# About this task
Please repeat the lines below exactly. Begin with the line containing "set \<Rightarrow> 'v \<Rightarrow> 'v" and go on through the line containing "i = (\<Sum>l\<in>links_at".
____
(* Consider the network model and the LC-NSB algorithm described in the context, with no packet arrivals after time 0. Consider any frame $k'$, consisting of time-slots $p=3k'$, $p+1$, $p+2$. If $\Delta(p)\ge 2$, then under LC-NSB the maximum node queue length at the end of the frame (i.e., after the transmissions of slot $p+2$) is at most $\Delta(p)-2$.
   Context: Network model. $G=(V,E)$ is a finite undirected graph with $n=|V|$ nodes; $L(i)$ denotes the set of links incident to node $i$. Time is slotted, $k=0,1,2,\dots$. $Q_l(k)$ is the number of packets at link $l$ in slot $k$, $Q_i(k)=\sum_{l\in L(i)}Q_l(k)$ is the node queue length, and $\Delta(k)=\max_iQ_i(k)$. A schedule is a matching of $G$ (links pairwise sharing no endpoint); only links with $Q_l(k)>0$ may be scheduled; each scheduled link transmits one packet, which leaves the system. LC-NSB algorithm. Frame $k'$ consists of slots $3k',3k'+1,3k'+2$. $R_i(k)=1$ if node $i$ is an endpoint of a link scheduled in slot $k$, else $0$ ($R_i(k)=0$ for $k<0$). $U_i(k)=R_i(k-1)R_i(k-2)$ if $k=3k'+2$ for some integer $k'$, $U_i(k)=R_i(k-1)$ otherwise. Node $i$ is critical in slot $k$ if $Q_i(k)=\Delta(k)$ and heavy if $Q_i(k)\ge\frac{n-1}{n}\Delta(k)$. In slot $k$, LC-NSB sets $w_i(k)=5-2U_i(k)$ if $i$ is critical, $w_i(k)=4-2U_i(k)$ if $i$ is heavy but not critical, and $w_i(k)=1$ otherwise; it excludes links with $Q_l(k)=0$ and schedules a matching $M$ of the remaining links maximizing $\sum_{i:\,M\cap L(i)\ne\emptyset}w_i(k)$ (ties broken arbitrarily). *)

theory Defs
  imports Complex_Main
begin

definition graph :: "'v set \<Rightarrow> 'v set set \<Rightarrow> bool" where
  "graph V E \<longleftrightarrow> finite V \<and> (\<forall>e\<in>E. \<exists>u v. e = {u, v} \<and> u \<noteq> v \<and> u \<in> V \<and> v \<in> V)"

definition links_at :: "'v set set \<Rightarrow> 'v \<Rightarrow> 'v set set" where
  "links_at E i = {l \<in> E. i \<in> l}"

definition node_queue :: "'v set set \<Rightarrow> ('v set \<Rightarrow> nat) \<Rightarrow> 'v \<Rightarrow> nat" where
  "node_queue E q i = (\<Sum>l\<in>links_at E i. q l)"

text \<open>Delta = max_i Q_i (0 inserted only to make Max total; nat values are nonnegative).\<close>
definition max_queue :: "'v set \<Rightarrow> 'v set set \<Rightarrow> ('v set \<Rightarrow> nat) \<Rightarrow> nat" where
  "max_queue V E q = Max (insert 0 (node_queue E q ` V))"

definition matching :: "'v set set \<Rightarrow> 'v set set \<Rightarrow> bool" where
  "matching E M \<longleftrightarrow> M \<subseteq> E \<and> (\<forall>l1\<in>M. \<forall>l2\<in>M. l1 \<noteq> l2 \<longrightarrow> l1 \<inter> l2 = {})"

definition covered :: "'v set set \<Rightarrow> 'v \<Rightarrow> bool" where
  "covered M i \<longleftrightarrow> (\<exists>l\<in>M. i \<in> l)"

text \<open>R_i(k) for integer k, with R_i(k) = 0 for k < 0; sched k is the matching of slot k.\<close>
definition Rind :: "(nat \<Rightarrow> 'v set set) \<Rightarrow> int \<Rightarrow> 'v \<Rightarrow> int" where
  "Rind sched k i = (if k < 0 then 0 else if covered (sched (nat k)) i then 1 else 0)"

definition Uind :: "(nat \<Rightarrow> 'v set set) \<Rightarrow> nat \<Rightarrow> 'v \<Rightarrow> int" where
  "Uind sched k i =
     (if k mod 3 = 2 then Rind sched (int k - 1) i * Rind sched (int k - 2) i
      else Rind sched (int k - 1) i)"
____
# Answer for the task
definition links_at :: "'v set set \<Rightarrow> 'v \<Rightarrow> 'v set set" where
  "links_at E i = {l \<in> E. i \<in> l}"

definition node_queue :: "'v set set \<Rightarrow> ('v set \<Rightarrow> nat) \<Rightarrow> 'v \<Rightarrow> nat" where
  "node_queue E q i = (\<Sum>l\<in>links_at E i. q l)"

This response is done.